I did a google search for the term "vile piece of shit," as I am wont to do, and came across a page that is the first google hit for the name "Karim Zaki," which I'm not linking to because it scares me and which I don't really recommend visiting. Is the dude a child molester? Beats me, but the creator of this page is an incredibly nasty piece of work. Does he have some sort of personal motive, or is he just your garden-variety psychopath? Either way, he's an interesting albeit alarming case study in abnormal psychology. Assuming this Zaki is an actual person and not just a figment of his diseased imagination, he really OUGHT to take the guy's advise and take legal action. Very scary stuff.

Things that are fucked up

That cellphone commercial featuring Meat Loaf and "son" singing a modified version of "Paradise by the Dashboard Light." It certainly makes you sit up and take notice, if only to note how dumb the name "gophone" sounds, but there is definitely something queasily oedipal about a song about teenage lust being reconstructed to be sung by father and son.
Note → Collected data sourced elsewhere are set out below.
lemma fa_d_decompose:
  assumes "fa_finsupp F"
  shows "fa_d F = lmult X3 (lmult X3 (lquot X1 F)) - lmult X1 (fa_d (lquot X1 F))
    + (lmult X2 (lmult X2 (lquot X2 F)) - lmult X2 (fa_d (lquot X2 F)))
    - lmult X3 (fa_d (lquot X3 F))"
proof -
  have "fa_d F = fa_d (fa_smult (F []) fa_one + lmult X1 (lquot X1 F) + lmult X2 (lquot X2 F)
      + lmult X3 (lquot X3 F))"
    by (subst fa_decompose) (rule refl)
  also have "\<dots> = fa_d (fa_smult (F []) fa_one) + fa_d (lmult X1 (lquot X1 F))
      + fa_d (lmult X2 (lquot X2 F)) + fa_d (lmult X3 (lquot X3 F))"
    using assms by (simp add: fa_d_add)
  finally show ?thesis using assms by (simp add: fa_d_smult fa_d_lmult_gen)
qed

lemma fa_d_Nil: "fa_finsupp F \<Longrightarrow> fa_d F [] = 0"
  by (subst fa_d_decompose) simp_all

lemma lquot_fa_d:
  assumes "fa_finsupp F"
  shows "lquot X1 (fa_d F) = - fa_d (lquot X1 F)"
    and "lquot X2 (fa_d F) = lmult X2 (lquot X2 F) - fa_d (lquot X2 F)"
    and "lquot X3 (fa_d F) = lmult X3 (lquot X1 F) - fa_d (lquot X3 F)"
  by (subst fa_d_decompose[OF assms], simp add: fun_eq_iff)+

definition homogeneous :: "nat \<Rightarrow> 'k::zero fa \<Rightarrow> bool" where
  "homogeneous n F \<longleftrightarrow> (\<forall>w. F w \<noteq> 0 \<longrightarrow> length w = n)"
lemma phase_space_measure:
  "D \<times> V \<in> sets lborel" "0 < emeasure lborel (D \<times> V)" "emeasure lborel (D \<times> V) < \<infinity>"
proof -
  have "D \<times> V \<in> sets (lborel \<Otimes>\<^sub>M lborel)"
    using domain(1) by (intro pair_measureI) auto
  then show "D \<times> V \<in> sets lborel"
    unfolding lborel_prod .
  have "emeasure (lborel \<Otimes>\<^sub>M lborel) (D \<times> V) = emeasure lborel D * emeasure lborel V"
    using domain(1) by (intro lborel.emeasure_pair_measure_Times) auto
  then have product: "emeasure lborel (D \<times> V) = emeasure lborel D * emeasure lborel V"
    unfolding lborel_prod .
  obtain x e where "0 < e" "ball x e \<subseteq> D"
    using domain(1,3) open_contains_ball by blast
  then have "0 < emeasure lborel (ball x e)"
    using content_ball_pos[of e x] emeasure_lborel_ball_finite[of x e]
    by (simp add: emeasure_eq_ennreal_measure)
  moreover have "emeasure lborel (ball x e) \<le> emeasure lborel D"
    using \<open>ball x e \<subseteq> D\<close> domain(1) by (intro emeasure_mono) auto
  ultimately have "0 < emeasure lborel D"
    by (rule order.strict_trans2)
  moreover have "0 < emeasure lborel V"
    using V_measure_pos V_finite by (simp add: emeasure_eq_ennreal_measure)
  ultimately show "0 < emeasure lborel (D \<times> V)"
    unfolding product by (simp add: ennreal_zero_less_mult_iff)
  have "emeasure lborel D \<le> emeasure lborel (cball (0::real^3) R)"
    using domain(1) norm_le_R by (intro emeasure_mono) auto
  then have "emeasure lborel D < \<infinity>"
    using emeasure_bounded_finite[of "cball (0::real^3) R"] by (simp add: top.not_eq_extremum)
  then show "emeasure lborel (D \<times> V) < \<infinity>"
    unfolding product using V_finite by (simp add: ennreal_mult_less_top)
qed

lemma cond_prob_2_ge_uniform:
  "\<exists>c>0. \<forall>r\<in>D. \<forall>v\<in>V. \<forall>A \<in> sets borel. A \<subseteq> D \<times> V \<longrightarrow>
     ennreal c * emeasure (uniform_measure lborel (D \<times> V)) A \<le> cond_prob D V \<sigma>s \<sigma>f \<pi>s \<pi>f Nmax 2 A r v"
proof (intro exI conjI ballI allI impI)
  define K where "K = fission_step_min^2 * flight_const / \<alpha>_max"
  define L where "L = measure lborel (D \<times> V)"
  have L_eq: "emeasure lborel (D \<times> V) = ennreal L"
    using phase_space_measure(3) unfolding L_def by (simp add: emeasure_eq_ennreal_measure)
  then have L_pos: "0 < L"
    using phase_space_measure(2) by simp
  have K_pos: "0 < K"
    unfolding K_def using fission_step_min_pos flight_const_pos \<alpha>_max_pos by simp
  then show "0 < K * L"
    using L_pos by simp
  fix r v A assume "r \<in> D" "v \<in> V" "A \<in> sets borel" "A \<subseteq> D \<times> V"
  then have "emeasure (uniform_measure lborel (D \<times> V)) A = emeasure lborel A / ennreal L"
    using phase_space_measure(1) unfolding L_eq[symmetric]
    by (subst emeasure_uniform_measure) (auto simp: Int_absorb1)
  then have "ennreal (K * L) * emeasure (uniform_measure lborel (D \<times> V)) A
      = ennreal K * emeasure lborel A * ennreal L / ennreal L"
    using K_pos L_pos by (simp add: ennreal_mult ennreal_times_divide mult_ac)
  also have "\<dots> = ennreal K * emeasure lborel A"
    using L_pos by (intro ennreal_mult_divide_eq) auto
  also have "\<dots> \<le> cond_prob D V \<sigma>s \<sigma>f \<pi>s \<pi>f Nmax 2 A r v"
    unfolding K_def by (rule cond_prob_2_ge) fact+
  finally show "ennreal (K * L) * emeasure (uniform_measure lborel (D \<times> V)) A
    \<le> cond_prob D V \<sigma>s \<sigma>f \<pi>s \<pi>f Nmax 2 A r v" .
qed

end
That said: please give us more. I feel like "Bat Out of Hell" needs to be used to sell auto insurance.

Wednesday, May 07, 2008

The end of Roger and Jessica

She has wandered away from him, down by the beach. The sun is so bright today that the shadows by her Achilles tendon are drawn sharp and black as seams up the heel of a silk stocking. Her head, as always, is bend forward, away, the bare nape he's never stopped loving, will never see again, unprotected as her beauty, her innocence of how forever in peril it moves through the World. She may know a little, may think of herself, face and body, as "pretty". . .but he could never tell her the rest, how many other living things, birds, nights smelling of grass and rain, sunlit moments of simple peace, also gather in what she is to him. Was. He is losing more than a single Jessica: he's losing a full range of life, of being for the first time at ease in the Creation. Going back to winter now, drawing back into his single envelope. The effort it takes to extend any further is more than he can make alone.
--Gravity's Rainbow

Steven Weisenburger's A Gravity's Rainbow Companion is tragically wrong.

On a reference to Porky Pig, it says:

"Porky Pig was a regular feature (with Donald Duck and nephews, Bugs Bunny, and Woody Woodpecker) of Walt Disney's Comics and stories, a comic book in continuous publication after 1940." (235)

Why does Slylock Fox suspect that Weisenburger has never read Walt Disney's Comics and Stories?

This is the old version of the book; there's a new one out that presumably fixes this, but jeez louise, that's a pretty breathtaking mistake. It doesn't exactly take an encyclopedic knowledge of popular culture to know that Loony Tunes and Warner Brothers characters--to say nothing of Woody Woodpecker, who is neither--are NOT THE SAME THING. And, having read many issues of WDC&S, I can verify that, no, the two did NOT have some crazy cross-marketing scheme going on. Disney, WB, and Woody comic books were all published by Dell back in the day, but that would not lead anyone who thought about it for three seconds to confuse them.

Anyway, laughable though it is, this isn't a huge deal, but if Weisenburger's capable of making such an obvious mistake that ANYONE can see, you sort of have to wonder how accurate the more esoteric background information he relays is.

Monday, May 05, 2008

Cabinet Certification



We've all had it happen to us at one time or another: you go to the store and you buy a cabinet but then you get home and discover, hey, this isn't a cabinet! It's an end table! Or perhaps a desk chair! And you take it back, but the store people just look at you funny. If I had a quarter for every time that's happened to me, I would have somewhere around thirteen dollars.

Anyway, that's why it's important to always check to make sure the Cabinet Certifiers' Guild has officially certified your cabinet before you take it home.